Thank you so much, HK! I am honored that you served this at your party, and am delighted that your guests enjoyed it. . . . and that they left a bit for you to enjoy today. I agree 100% about the squash being much lighter than sweet potatoes. In fact, I tested last week another recipe using sweet potatoes and parsnips, but ended up not serving it on T-Day, for precisely that reason! Thanks again, especially for the notes on making ahead and reheating. ;o)
I did mean that I reheated Friday evening, so the puree held perfectly for two and a half days. It was a prefect counterpoint to the salty ham and smoked turkey.
Good to know! Thanks so much. ;o)
Thanks, Midge! I appreciate it!! ;o)
Parsnips are impossible to find here, but I've found the seeds so I'm going to sow them next spring: let's see if I can FINALLY cook some parsnips in my life! Going to save your recipe so I can try it next year.
Wow, that makes me realize how fortunate we are to have things like parsnips, which we pretty much take for granted, available. Parsnips are a wonderful but generally under-appreciated vegetable. I hope yours grow well, and that you do try this! ;o)
Thanks, JoanG. I hope you try it!
I just love that combo- yummy- wish I had some right now!
Thanks, Micki!
Yes...I love these ingredients, nice photo and I am picturing this on the Thanksgiving table!

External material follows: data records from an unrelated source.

(* Let $n\ge1$ and let $\lambda=(a_1,\ldots,a_l\mid b_1,\ldots,b_l)$ (Frobenius notation) be a modified balanced partition of size $n$. Then the number of $T\in\mathrm{TSPP}_{n-1}$ with $\pi(T)=\lambda$ equals \[ \det_{1\le i,j\le l}\binom{b_j-1}{a_i}. \]
   Context: For a partition $\lambda$ with conjugate $\lambda'$ and Durfee square side $l=\max\{i:\lambda_i\ge i\}$, its Frobenius notation is $(\lambda_1-1,\ldots,\lambda_l-l\mid \lambda'_1-1,\ldots,\lambda'_l-l)$. A modified balanced partition of size $n$ is a partition $\lambda=(\lambda_1,\ldots,\lambda_n)$ with $n$ parts, zero parts allowed, such that $\lambda_1\le n-1$ and $\lambda_i<\lambda'_i$ whenever $\lambda_i\ge i$ (equivalently, in Frobenius notation $(a_1,\ldots,a_l\mid b_1,\ldots,b_l)$, $a_i<b_i$ for all $i$). A plane partition inside an $(m,m,m)$-box is an array $(T_{i,j})_{1\le i,j\le m}$ of integers in $\{0,\ldots,m\}$ weakly decreasing along rows and columns; equivalently the set $\{(i,j,k):k\le T_{i,j}\}\subseteq\{1,\ldots,m\}^3$. It is totally symmetric if this set is invariant under all permutations of coordinates; $\mathrm{TSPP}_m$ denotes the set of these. For $T\in\mathrm{TSPP}_{n-1}$, $\mathrm{diag}(T)$ is the conjugate of the partition $(T_{1,1},\ldots,T_{n-1,n-1})$; if $\mathrm{diag}(T)=(a_1,\ldots,a_l\mid b_1,\ldots,b_l)$ then $\pi(T)$ is the partition with Frobenius notation $(a_1,\ldots,a_l\mid b_1+1,\ldots,b_l+1)$. *)

theory Defs
  imports "Jordan_Normal_Form.Determinant"
begin

text \<open>Partitions are represented as functions lam :: nat => nat, indexed from 1,
  with lam 0 = 0 and finite support (lam i is the i-th part).\<close>

definition conj_part :: "(nat \<Rightarrow> nat) \<Rightarrow> nat \<Rightarrow> nat" where
  "conj_part lam k = (if k = 0 then 0 else card {i. 1 \<le> i \<and> k \<le> lam i})"

definition durfee :: "(nat \<Rightarrow> nat) \<Rightarrow> nat" where
  "durfee lam = Max ({0} \<union> {i. 1 \<le> i \<and> i \<le> lam i})"

text \<open>Frobenius coordinates (a_1..a_l | b_1..b_l), as lists (0-indexed).\<close>
definition frob_a :: "(nat \<Rightarrow> nat) \<Rightarrow> nat list" where
  "frob_a lam = map (\<lambda>i. lam i - i) [1..<durfee lam + 1]"

definition frob_b :: "(nat \<Rightarrow> nat) \<Rightarrow> nat list" where
  "frob_b lam = map (\<lambda>i. conj_part lam i - i) [1..<durfee lam + 1]"

definition from_frob :: "nat list \<Rightarrow> nat list \<Rightarrow> nat \<Rightarrow> nat" where
  "from_frob a b i =
     (if i = 0 then 0
      else if i \<le> length a then a ! (i - 1) + i
      else card {j. j < length a \<and> i \<le> b ! j + (j + 1)})"

definition modified_balanced :: "nat \<Rightarrow> (nat \<Rightarrow> nat) \<Rightarrow> bool" where
  "modified_balanced n lam \<longleftrightarrow>
     (\<forall>i. (i = 0 \<or> n < i) \<longrightarrow> lam i = 0) \<and>
     (\<forall>i j. 1 \<le> i \<and> i \<le> j \<and> j \<le> n \<longrightarrow> lam j \<le> lam i) \<and>
     lam 1 \<le> n - 1 \<and>
     (\<forall>i. 1 \<le> i \<and> i \<le> lam i \<longrightarrow> lam i < conj_part lam i)"

definition pp_cells :: "nat \<Rightarrow> (nat \<Rightarrow> nat \<Rightarrow> nat) \<Rightarrow> (nat \<times> nat \<times> nat) set" where
  "pp_cells m T = {(i, j, k). 1 \<le> i \<and> i \<le> m \<and> 1 \<le> j \<and> j \<le> m \<and> 1 \<le> k \<and> k \<le> T i j}"

definition plane_partition_box :: "nat \<Rightarrow> (nat \<Rightarrow> nat \<Rightarrow> nat) \<Rightarrow> bool" where
  "plane_partition_box m T \<longleftrightarrow>
     (\<forall>i j. \<not> (1 \<le> i \<and> i \<le> m \<and> 1 \<le> j \<and> j \<le> m) \<longrightarrow> T i j = 0) \<and>
     (\<forall>i j. T i j \<le> m) \<and>
     (\<forall>i j j'. 1 \<le> i \<and> i \<le> m \<and> 1 \<le> j \<and> j \<le> j' \<and> j' \<le> m \<longrightarrow> T i j' \<le> T i j) \<and>
     (\<forall>i i' j. 1 \<le> i \<and> i \<le> i' \<and> i' \<le> m \<and> 1 \<le> j \<and> j \<le> m \<longrightarrow> T i' j \<le> T i j)"

definition coord_perms :: "((nat \<times> nat \<times> nat) \<Rightarrow> (nat \<times> nat \<times> nat)) set" where
  "coord_perms = {(\<lambda>(x, y, z). (x, y, z)), (\<lambda>(x, y, z). (x, z, y)), (\<lambda>(x, y, z). (y, x, z)),
                  (\<lambda>(x, y, z). (y, z, x)), (\<lambda>(x, y, z). (z, x, y)), (\<lambda>(x, y, z). (z, y, x))}"

definition TSPP :: "nat \<Rightarrow> (nat \<Rightarrow> nat \<Rightarrow> nat) set" where
  "TSPP m = {T. plane_partition_box m T \<and> (\<forall>\<sigma>\<in>coord_perms. \<sigma> ` pp_cells m T = pp_cells m T)}"

text \<open>diag(T): conjugate of (T_11, ..., T_mm).\<close>
definition diag_tspp :: "nat \<Rightarrow> (nat \<Rightarrow> nat \<Rightarrow> nat) \<Rightarrow> nat \<Rightarrow> nat" where
  "diag_tspp m T k = (if k = 0 then 0 else card {i. 1 \<le> i \<and> i \<le> m \<and> k \<le> T i i})"

definition pi_tspp :: "nat \<Rightarrow> (nat \<Rightarrow> nat \<Rightarrow> nat) \<Rightarrow> nat \<Rightarrow> nat" where
  "pi_tspp m T = (let D = diag_tspp m T in from_frob (frob_a D) (map Suc (frob_b D)))"

end

theory Submission
  imports Defs "HOL-Library.Disjoint_Sets"
begin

I made this for dinner last night, kept it on the chuncky side, it was delicious. This morning I am using the leftover for a quiche, it is in the oven right now, great aroma filling the kitchen...I know it will be tasty!
Ohhhhh, YUM! This sounds SO wonderful....and simple. Can't wait to try.
Sounds like the new side dish for Thanksgiving!
Providence! I just bought some parsnips, and the trusty butternut is always close by!
I made this today to go with a roast chicken and applesauce for an ailing friend. What a great, simple combinations! Thanks!
I must have missed this when you first posted it too. Very nice, and I've saved to make it soon. I love the addition of the creme fraiche.
Thanks so much, ChezSuzanne. I hope you do make this. It's one of my favorites, especially on these cold, dreary days. ;o)
Lovely fall dish that I missed when you first posted. Will look out for parsnips - haven't seen them yet.
Thank you! Hope parsnips come to your markets soon. I love them in the fall and winter. Something about their offbeat, spicy flavor just goes so well with the other vegetables of the season.. ;o)
I'm planning to make this for my day after thanksgiving buffet dinner!
Kitchen Arts & Letters is a culinary bookstore on Manhattan's Upper East Side.
Oh yum. Visions of Thanksgiving sides are drifting through my head....in spite of the fact that it's supposed to get to 80 degrees today.